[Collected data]

________________

(* Let $G=(V,E)$ be a connected graph with $n=|V|$ nodes and let $\mathbf{A}\in\mathbb{R}^{n\times n}$ be a graph shift operator for $G$. Let $\mathbf{W}\in\mathbb{R}^{c\times c}$, $\mathbf{B}\in\mathbb{R}^{c'\times c}$, inputs $\mathbf{U}_t\in\mathbb{R}^{n\times c'}$, and consider the recurrence $\mathbf{X}_{t+1}=\mathbf{A}\mathbf{X}_t\mathbf{W}+\mathbf{U}_{t+1}\mathbf{B}$, $\mathbf{X}_t\in\mathbb{R}^{n\times c}$. Define the global sensitivity $\mathcal{S}(t-s)=\max_{i,j}\left\|\frac{\partial \mathbf{X}_t^{(i)}}{\partial \mathbf{X}_s^{(j)}}\right\|$. Then for all $s\le t$, $$\frac{\rho(\mathbf{A})^{t-s}}{|V|}\,\|\mathbf{W}^{t-s}\|\le\mathcal{S}(t-s),$$ where $\rho(\mathbf{A})$ is the spectral radius of $\mathbf{A}$. In particular, if $G$ is undirected and $\mathbf{A}=\mathbf{D}^{-1/2}(\tilde{\mathbf{A}}+\mathbf{I})\mathbf{D}^{-1/2}$, with $\tilde{\mathbf{A}}$ the adjacency matrix and $\mathbf{D}$ the diagonal degree matrix of $\tilde{\mathbf{A}}+\mathbf{I}$, then $\frac{1}{|V|}\|\mathbf{W}^{t-s}\|\le\mathcal{S}(t-s)$.
   Context: $\mathbf{X}_t^{(i)}\in\mathbb{R}^{1\times c}$ denotes the $i$-th row of $\mathbf{X}_t$, regarded as a function of $\mathbf{X}_s$ through the recurrence with inputs held fixed; the Jacobian of row vectors is the $c\times c$ matrix with $(p,q)$ entry $\partial y_p/\partial x_q$. $\|\cdot\|$ denotes the spectral norm and the maximum is over all pairs of nodes $i,j$. *)

theory Defs
  imports "HOL-Analysis.Analysis"
begin

primrec mat_pow :: "real^'n^'n \<Rightarrow> nat \<Rightarrow> real^'n^'n" where
  "mat_pow M 0 = mat 1"
| "mat_pow M (Suc k) = M ** mat_pow M k"

definition spec_norm :: "real^'m^'k \<Rightarrow> real" where
  "spec_norm M = onorm (\<lambda>x. M *v x)"

definition spectral_radius :: "real^'n^'n \<Rightarrow> real" where
  "spectral_radius A = Max {cmod z | z. \<exists>v :: complex^'n. v \<noteq> 0 \<and>
      (\<chi> i j. complex_of_real (A $ i $ j)) *v v = z *s v}"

________________

Work task
Write the entries out once more, exactly, without dropping a line.

Answer to this task
(* Let $G=(V,E)$ be a connected graph with $n=|V|$ nodes and let $\mathbf{A}\in\mathbb{R}^{n\times n}$ be a graph shift operator for $G$. Let $\mathbf{W}\in\mathbb{R}^{c\times c}$, $\mathbf{B}\in\mathbb{R}^{c'\times c}$, inputs $\mathbf{U}_t\in\mathbb{R}^{n\times c'}$, and consider the recurrence $\mathbf{X}_{t+1}=\mathbf{A}\mathbf{X}_t\mathbf{W}+\mathbf{U}_{t+1}\mathbf{B}$, $\mathbf{X}_t\in\mathbb{R}^{n\times c}$. Define the global sensitivity $\mathcal{S}(t-s)=\max_{i,j}\left\|\frac{\partial \mathbf{X}_t^{(i)}}{\partial \mathbf{X}_s^{(j)}}\right\|$. Then for all $s\le t$, $$\frac{\rho(\mathbf{A})^{t-s}}{|V|}\,\|\mathbf{W}^{t-s}\|\le\mathcal{S}(t-s),$$ where $\rho(\mathbf{A})$ is the spectral radius of $\mathbf{A}$. In particular, if $G$ is undirected and $\mathbf{A}=\mathbf{D}^{-1/2}(\tilde{\mathbf{A}}+\mathbf{I})\mathbf{D}^{-1/2}$, with $\tilde{\mathbf{A}}$ the adjacency matrix and $\mathbf{D}$ the diagonal degree matrix of $\tilde{\mathbf{A}}+\mathbf{I}$, then $\frac{1}{|V|}\|\mathbf{W}^{t-s}\|\le\mathcal{S}(t-s)$.
   Context: $\mathbf{X}_t^{(i)}\in\mathbb{R}^{1\times c}$ denotes the $i$-th row of $\mathbf{X}_t$, regarded as a function of $\mathbf{X}_s$ through the recurrence with inputs held fixed; the Jacobian of row vectors is the $c\times c$ matrix with $(p,q)$ entry $\partial y_p/\partial x_q$. $\|\cdot\|$ denotes the spectral norm and the maximum is over all pairs of nodes $i,j$. *)

theory Defs
  imports "HOL-Analysis.Analysis"
begin

primrec mat_pow :: "real^'n^'n \<Rightarrow> nat \<Rightarrow> real^'n^'n" where
  "mat_pow M 0 = mat 1"
| "mat_pow M (Suc k) = M ** mat_pow M k"

definition spec_norm :: "real^'m^'k \<Rightarrow> real" where
  "spec_norm M = onorm (\<lambda>x. M *v x)"

definition spectral_radius :: "real^'n^'n \<Rightarrow> real" where
  "spectral_radius A = Max {cmod z | z. \<exists>v :: complex^'n. v \<noteq> 0 \<and>
      (\<chi> i j. complex_of_real (A $ i $ j)) *v v = z *s v}"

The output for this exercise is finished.